March 28-April 3, 2002
musicpicks
Contrary to popular complaint, free jazz comes in many shapes and sizes, some less cacophonous than others. That said, a few minutes with Peter Brötzmann are enough to send most unwary listeners into hysterics. Since his grand entrance in 1968 (with Machine Gun, on the upstart FMP label), the saxophonist has been a galvanizing force in improvised music. Having come of age in postwar Germany (he was born in Remscheid in 1941), Brötzmann honed a distinctly European take on free jazz -- an aesthetic less invested in spiritual or political concerns (à la Coltrane/Ayler/Shepp) than in cold, abrasive sound. There's no catharsis in Brötzmann's music, unless you count the adolescent thrill of transgression (his third and fourth albums were respectively titled Nipples and Balls).
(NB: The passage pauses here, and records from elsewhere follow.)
definition internal_direct_sum :: "'a::real_vector set \<Rightarrow> 'a set \<Rightarrow> 'a set \<Rightarrow> bool" where
  "internal_direct_sum E P Q \<longleftrightarrow> E = {x + y | x y. x \<in> P \<and> y \<in> Q} \<and> P \<inter> Q = {0}"

end

theory Submission
  imports Defs
begin

text \<open>Columns of \<open>M\<close> (and of \<open>N\<close>) have disjoint supports, so after normalisation they
  are orthonormal and \<open>P = M' M'\<^sup>T\<close>, \<open>Q = N' N'\<^sup>T\<close> are the orthogonal projections onto
  \<open>col M\<close> and \<open>col N\<close>. As \<open>U = (2P - I)(2Q - I)\<close> is a product of two reflections, \<open>U x = x\<close>
  iff \<open>P x = Q x\<close>, and such an \<open>x\<close> splits as \<open>P x + (x - P x)\<close>, a vector fixed by both
  projections plus one annihilated by both. A vector in \<open>col M \<inter> col N\<close> is constant on
  faces and on vertex stars; since the face of an arc continues with a rotation of its reverse,
  it takes equal values on an arc and its reverse, hence is constant by connectivity. Counting
  dimensions, \<open>1 + (2l - (s + n - 1)) = l + 2g\<close> by Euler's formula.\<close>

definition orthogonal_nonzero_columns :: "real^'n^'m \<Rightarrow> bool" where
  "orthogonal_nonzero_columns A \<longleftrightarrow>
     (\<forall>j. column j A \<noteq> 0) \<and> (\<forall>j k. j \<noteq> k \<longrightarrow> orthogonal (column j A) (column k A))"

lemma column_normalize_cols:
  "column j (normalize_cols A) = (1 / norm (column j A)) *\<^sub>R column j A"
  by (simp add: vec_eq_iff normalize_cols_def column_def)

lemma orthonormal_normalize_cols:
  assumes "orthogonal_nonzero_columns A"
  shows "transpose (normalize_cols A) ** normalize_cols A = mat 1"
proof -
  have "column j (normalize_cols A) \<bullet> column k (normalize_cols A) = (if j = k then 1 else 0)"
    for j k
    using assms unfolding orthogonal_nonzero_columns_def orthogonal_def
    by (auto simp: column_normalize_cols dot_square_norm power2_eq_square)
  then show ?thesis
    by (simp add: matrix_mult_transpose_dot_column mat_def vec_eq_iff)
qed

lemma span_columns_normalize_cols:
  assumes "\<forall>j. column j A \<noteq> 0"
  shows "span (columns (normalize_cols A)) = span (columns A)"
proof -
  have "column j A \<in> span (columns (normalize_cols A))" for j
  proof -
    have "column j A = norm (column j A) *\<^sub>R column j (normalize_cols A)"
      using assms by (simp add: column_normalize_cols)
    moreover have "column j (normalize_cols A) \<in> span (columns (normalize_cols A))"
      by (auto simp: columns_def intro: span_base)
    ultimately show ?thesis
      by (metis span_mul)
  qed
  then have "columns A \<subseteq> span (columns (normalize_cols A))"
    by (auto simp: columns_def)
  moreover have "column j (normalize_cols A) \<in> span (columns A)" for j
    unfolding column_normalize_cols by (auto simp: columns_def intro: span_mul span_base)
  then have "columns (normalize_cols A) \<subseteq> span (columns A)"
    by (auto simp: columns_def)
  ultimately show ?thesis
    by (metis span_minimal span_subspace subspace_span)
qed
Yet there's a kind of genius in his best efforts, like the archival performances on Fuck de Boere, released on Atavistic's Unheard Music Series last year. As he approaches elder-statesman status, Brötzmann remains one of the avant-garde's most capacious (and, yes, capricious) personalities: In the '90s he led both the incendiary Die Like a Dog Quartet and the visionary Chicago Octet/Tentet. This week's duo performance with drummer Walter Perkins, although smaller in scale, will surely seem no less intense.
Mon., April 1, 8 p.m., $15, Tritone, 1508 South St., 215-545-0475.